On Thursday, May 16, I walked across the stage of the University of Minnesota Duluth graduate school commencement ceremony and received my Master of Education. It's still hard to believe I've finished. Two and a half years of work all tied up, my thesis submitted, and a degree in my hand. Done and done.
It wasn't until I picked up my cap and gown on campus the week before commencement that it really settled in my head that the hours and hours and hours of work was actually accumulating as something. It had felt like I was just doing work, most of it work that I enjoyed, and that it wasn't for any specific purpose. Fortunately, walking across the stage and receiving my hood changed those feelings. I was thrilled.
I'm not currently teaching, but my degree does have a purpose. When I was in Honduras almost 10 years ago, living and teaching for 13 months, I realized that I may have resources and skills that would be beneficial to others in places where such resources are not easy to come by. I hope to eventually teach teachers. Teachers are the people who touch countless lives and who have the ability to influence an entire nation of people. In a third world country where education is so incredibly important, good teachers make all the difference. I hope that my advanced degree will enable me to educate teachers in the best ways possible, perhaps in Kenya.
Pete's parents were able to join us for the ceremony, along with my dear friend Krista. My parents were not able to attend, but I know that they were thinking about me. I would not have made it through grad school without the help of all of our parents and my close friends. They watched the kids, made meals, cleaned the house, and provided moral support during the tough hours of making my way through classes.
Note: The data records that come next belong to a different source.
(* Let $n\ge1$ and let $X$ be any random variable on $[0,1]$ with output distribution $P_Y$ through the binomial channel with $n$ trials. Set $\epsilon_k:=\mathbb E[\tilde T_k(X)]$ and $h_k:=\frac12\prod_{j=1}^k\frac{n+j}{n-j+1}$ for $1\le k\le n$. Then \[ \chi^2(P_Y\,\|\,P_{Y_r})=\sum_{k=1}^n\frac{\epsilon_k^2}{h_k}. \]
   Context: The binomial channel with $n$ trials has transition law $P_{Y|X}(y|x)=\binom{n}{y}x^y(1-x)^{n-y}$, $x\in[0,1]$, $y\in\{0,\dots,n\}$. $\tilde T_k(x)=\cos(k\arccos(2x-1))$ is the shifted Chebyshev polynomial of the first kind. $P_{Y_r}(y)=\frac{\Gamma(y+1/2)\Gamma(n-y+1/2)}{\pi\,\Gamma(y+1)\Gamma(n-y+1)}$, $y=0,\dots,n$, is the output induced by $X_r\sim\mathrm{Beta}(1/2,1/2)$. $\chi^2(P\|Q)=\sum_y \frac{(P(y)-Q(y))^2}{Q(y)}$. *)

theory Defs
  imports "HOL-Probability.Probability"
begin

definition shifted_cheb :: "nat \<Rightarrow> real \<Rightarrow> real" where
  "shifted_cheb k x = cos (real k * arccos (2 * x - 1))"

definition binom_channel :: "nat \<Rightarrow> real \<Rightarrow> nat \<Rightarrow> real" where
  "binom_channel n x y = real (n choose y) * x ^ y * (1 - x) ^ (n - y)"

text \<open>Output law induced by the arcsine input Beta(1/2,1/2).\<close>
definition PYr :: "nat \<Rightarrow> nat \<Rightarrow> real" where
  "PYr n y = Gamma (real y + 1/2) * Gamma (real n - real y + 1/2)
             / (pi * Gamma (real y + 1) * Gamma (real n - real y + 1))"

definition chi_sq :: "nat \<Rightarrow> (nat \<Rightarrow> real) \<Rightarrow> (nat \<Rightarrow> real) \<Rightarrow> real" where
  "chi_sq n P Q = (\<Sum>y\<in>{0..n}. (P y - Q y)^2 / Q y)"

end

theory Submission
  imports Defs
begin

text \<open>
  With \<open>P\<^sub>Y\<^sub>r(y) = C(2y,y) C(2n-2y,n-y) / 4\<^sup>n\<close>, write \<open>x = cos\<^sup>2(a/2)\<close> and
  \<open>z = cos\<^sup>2(b/2)\<close>. Then the kernel \<open>K(x,z) = \<Sum>\<^sub>y W(y|x) W(y|z) / P\<^sub>Y\<^sub>r(y)\<close> of the
  binomial channel \<open>W\<close> is \<open>4\<^sup>n / C(2n,n)\<close> times the part of \<open>(q + p)\<^sup>2\<^sup>n\<close> even in \<open>p\<close>, where
  \<open>p = cos(a/2) cos(b/2)\<close> and \<open>q = sin(a/2) sin(b/2)\<close>; that is, a combination of
  \<open>cos((a - b)/2)\<^sup>2\<^sup>n\<close> and \<open>cos((a + b)/2)\<^sup>2\<^sup>n\<close>. Expanding these powers into
  Fourier sums gives \<open>K(x,z) = 1 + \<Sum>\<^sub>k T\<^sub>k(x) T\<^sub>k(z) / h\<^sub>k\<close>. The \<open>\<chi>\<^sup>2\<close>-divergence is
  the quadratic form of the centred kernel \<open>K - 1\<close>, evaluated at two independent copies of
  \<open>X\<close>. Integrating the expansion term by term then gives \<open>\<Sum>\<^sub>k \<epsilon>\<^sub>k\<^sup>2 / h\<^sub>k\<close>.
\<close>

lemma pochhammer_half_div_fact:
  "pochhammer (1/2) n / fact n = (real (2*n choose n)) / 4^n"
proof -
  have "fact (2*n) = (4^n * pochhammer (1/2) n * fact n :: real)"
    using fact_double[of n] by (simp add: power_mult)
  then show ?thesis
    by (simp add: binomial_fact field_simps power2_eq_square)
qed

lemma Gamma_nat_plus_half:
  "Gamma (real n + 1/2) = sqrt pi * pochhammer (1/2) n"
proof -
  have "(1/2 :: real) \<notin> \<int>\<^sub>\<le>\<^sub>0"
    using nonpos_Ints_nonpos by fastforce
  then show ?thesis
    using pochhammer_Gamma[of "1/2 :: real" n] by (simp add: Gamma_one_half_real add.commute)
qed

lemma PYr_eq_central_binomials:
  assumes "y \<le> n"
  shows "PYr n y = real (2*y choose y) * real (2*(n-y) choose (n-y)) / 4^n"
proof -
  have ny: "real n - real y = real (n - y)" using assms by simp
  have Gamma_Suc: "Gamma (real k + 1) = fact k" for k
    using Gamma_fact[of k] by (simp add: add.commute)
  have "PYr n y = (sqrt pi * sqrt pi) * pochhammer (1/2) y * pochhammer (1/2) (n-y)
                  / (pi * fact y * fact (n-y))"
    unfolding PYr_def ny Gamma_nat_plus_half
    by (simp only: Gamma_Suc mult_ac)
  also have "\<dots> = (pochhammer (1/2) y / fact y) * (pochhammer (1/2) (n-y) / fact (n-y))"
    by simp
  also have "\<dots> = real (2*y choose y) * real (2*(n-y) choose (n-y)) / (4^y * 4^(n-y))"
    unfolding pochhammer_half_div_fact by simp
  also have "(4::real)^y * 4^(n-y) = 4^n"
    using assms by (simp flip: power_add)
  finally show ?thesis .
qed

lemma PYr_pos: "y \<le> n \<Longrightarrow> PYr n y > 0"
  by (simp add: PYr_eq_central_binomials)

lemma gbinomial_minus_half:
  "(-1/2 :: real) gchoose k = (-1)^k * real (2*k choose k) / 4^k"
proof -
  have "(-1/2 :: real) gchoose k = (-1)^k * (pochhammer (1/2) k / fact k)"
    by (simp add: gbinomial_pochhammer)
  then show ?thesis
    by (simp add: pochhammer_half_div_fact)
qed

lemma sum_PYr: "(\<Sum>y\<le>n. PYr n y) = 1"
proof -
  have "(\<Sum>y\<le>n. PYr n y) = (-1)^n * (\<Sum>y\<le>n. ((-1/2 :: real) gchoose y) * ((-1/2) gchoose (n - y)))"
    unfolding sum_distrib_left
  proof (rule sum.cong)
    fix y assume "y \<in> {..n}"
    then have "y \<le> n" by simp
    then have "(-1::real)^n * ((-1)^y * (-1)^(n-y)) = 1" and "(4::real)^y * 4^(n-y) = 4^n"
      by (simp_all flip: power_add)
    then show "PYr n y = (-1)^n * (((-1/2 :: real) gchoose y) * ((-1/2) gchoose (n - y)))"
      unfolding PYr_eq_central_binomials[OF \<open>y \<le> n\<close>] gbinomial_minus_half
      by (simp add: field_simps)
  qed simp
  also have "\<dots> = (-1)^n * ((-1) gchoose n)"
    using gbinomial_Vandermonde[of "-1/2 :: real" "-1/2" n] by (simp add: atLeast0AtMost)
  also have "\<dots> = 1"
    by (simp add: gbinomial_pochhammer pochhammer_fact[symmetric] flip: power_add)
  finally show ?thesis .
qed

lemma binomial_sum_even_terms:
  fixes p q :: real
  shows "(q + p)^(2*n) + (q - p)^(2*n) = 2 * (\<Sum>y\<le>n. real (2*n choose (2*y)) * p^(2*y) * q^(2*n - 2*y))"
proof -
  define f where "f j = real (2*n choose j) * p^j * q^(2*n - j)" for j
  have "(q + p)^(2*n) + (q - p)^(2*n) = (\<Sum>j\<le>2*n. f j + real (2*n choose j) * (-p)^j * q^(2*n - j))"
    using binomial_ring[of p q "2*n"] binomial_ring[of "-p" q "2*n"]
    by (simp add: f_def sum.distrib add.commute)
  also have "\<dots> = (\<Sum>j\<le>2*n. if even j then 2 * f j else 0)"
    by (rule sum.cong) (auto simp: f_def power_minus')
  also have "\<dots> = (\<Sum>j<2*Suc n. if even j then 2 * f j else 0)"
    by (simp add: lessThan_Suc_atMost[symmetric])
  also have "\<dots> = 2 * (\<Sum>y\<le>n. f (2*y))"
    by (simp only: sum_split_even_odd) (simp add: lessThan_Suc_atMost sum_distrib_left)
  finally show ?thesis by (simp add: f_def)
qed

lemma sum_atMost_double_symmetric:
  fixes f :: "nat \<Rightarrow> 'a::comm_semiring_1"
  assumes "\<And>k. k \<le> n \<Longrightarrow> f (n + k) = f (n - k)"
  shows "(\<Sum>j\<le>2*n. f j) = f n + 2 * (\<Sum>k=1..n. f (n - k))"
proof -
  have lower: "(\<Sum>k=1..n. f (n - k)) = (\<Sum>j<n. f j)"
    by (rule sum.reindex_bij_witness[of _ "\<lambda>j. n - j" "\<lambda>k. n - k"]) auto
  have upper: "(\<Sum>k=1..n. f (n - k)) = (\<Sum>j=Suc n..2*n. f j)"
    using assms by (intro sum.reindex_bij_witness[of _ "\<lambda>j. j - n" "\<lambda>k. n + k"]) auto
  have "{..2*n} = {..<n} \<union> {n} \<union> {Suc n..2*n}" by auto
  then have "(\<Sum>j\<le>2*n. f j) = (\<Sum>j<n. f j) + f n + (\<Sum>j=Suc n..2*n. f j)"
    by (simp only:) (subst sum.union_disjoint; auto simp: add_ac)+
  then show ?thesis
    unfolding lower [symmetric] upper [symmetric] by (simp add: mult_2 algebra_simps)
qed

lemma two_cos_power_even:
  "(2 * cos t)^(2*n) = real (2*n choose n) + 2 * (\<Sum>k=1..n. real (2*n choose (n-k)) * cos (2 * real k * t))"
proof -
  define f where "f j = real (2*n choose j) * cos (2 * (real j - real n) * t)" for j
  have summand: "Re (of_nat (2*n choose j) * cis t ^ j * cis (-t) ^ (2*n - j)) = f j" if "j \<le> 2*n" for j
  proof -
    have "real j * t + real (2*n - j) * (-t) = 2 * (real j - real n) * t"
      using that by (simp add: of_nat_diff algebra_simps)
    then have "cis t ^ j * cis (-t) ^ (2*n - j) = cis (2 * (real j - real n) * t)"
      by (simp only: Complex.DeMoivre cis_mult)
    then show ?thesis
      by (simp add: f_def mult.assoc)
  qed
  have "cis t + cis (-t) = complex_of_real (2 * cos t)"
    by (simp add: complex_eq_iff)
  then have "(2 * cos t)^(2*n) = Re ((cis t + cis (-t))^(2*n))"
    by simp
  also have "\<dots> = (\<Sum>j\<le>2*n. f j)"
    unfolding binomial_ring Re_sum using summand by (intro sum.cong) auto
  also have "\<dots> = f n + 2 * (\<Sum>k=1..n. f (n - k))"
  proof (rule sum_atMost_double_symmetric)
    fix k assume "k \<le> n"
    then show "f (n + k) = f (n - k)"
      using binomial_symmetric[of "n - k" "2*n"] by (simp add: f_def of_nat_diff)
  qed
  also have "(\<Sum>k=1..n. f (n - k)) = (\<Sum>k=1..n. real (2*n choose (n-k)) * cos (2 * real k * t))"
    by (intro sum.cong) (auto simp: f_def of_nat_diff)
  finally show ?thesis
    by (simp add: f_def)
qed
These are two of the professors who were instrumental in my graduate studies, Julia Williams and Lynn Brice. Julia not only taught me during grad school, but I also had her in undergrad classes. She was wonderful. And Lynn advised me during the long process of writing my thesis. Perhaps I'll eventually work with these two again when I begin my doctorate studies. That's not going to happen any time soon, though. I want a few solid years of teaching in Africa first. (Hear that, Dad? I won't be starting in January. *wink wink*)
I absolutely could not have made it through school without this guy right here. Perhaps we were a little crazy having a one-year-old when I started grad school, mostly because he was also in the craziness of residency. And yes, maybe having another baby, and appendicitis, and spending two months in Africa in the middle of it all made things a bit more challenging, but we made it through! This man made all of that possible. He supported me and challenged me and bought me delicious, carb-y snacks when morning sickness threatened to end my studying. I love him, I love him, I love him.
So now I'm making my way through the transition out of school. It's been a bit more challenging than I had imagined. A few times I've found myself sitting, surrounded by piles of laundry, stacks of dirty dishes, and a list of house projects, yet still feeling unsure of what I should actually do. I've become so used to needing to spend time on school assignments and writing my thesis that I have a hard time accomplishing little, everyday things. It's getting better, but I certainly didn't expect this. No complaints. I'm relieved to be finished with classes and will gladly work through this transition in order to have more time with the kids. Soon enough, I'll have my days filled with house work, play dates, and picnics. And that sounds just lovely.
My sister sent this to me the day after graduation. The photo on the left was taken in May 2006 at my undergrad graduation. Pete & I had been dating for a few months. It's fun to see the changes between 2006 and 2013.
Look at these two - Caleb and Sam. I just love this photo, taken by Krista while she was watching Sam recently. Their expressions couldn't be more different!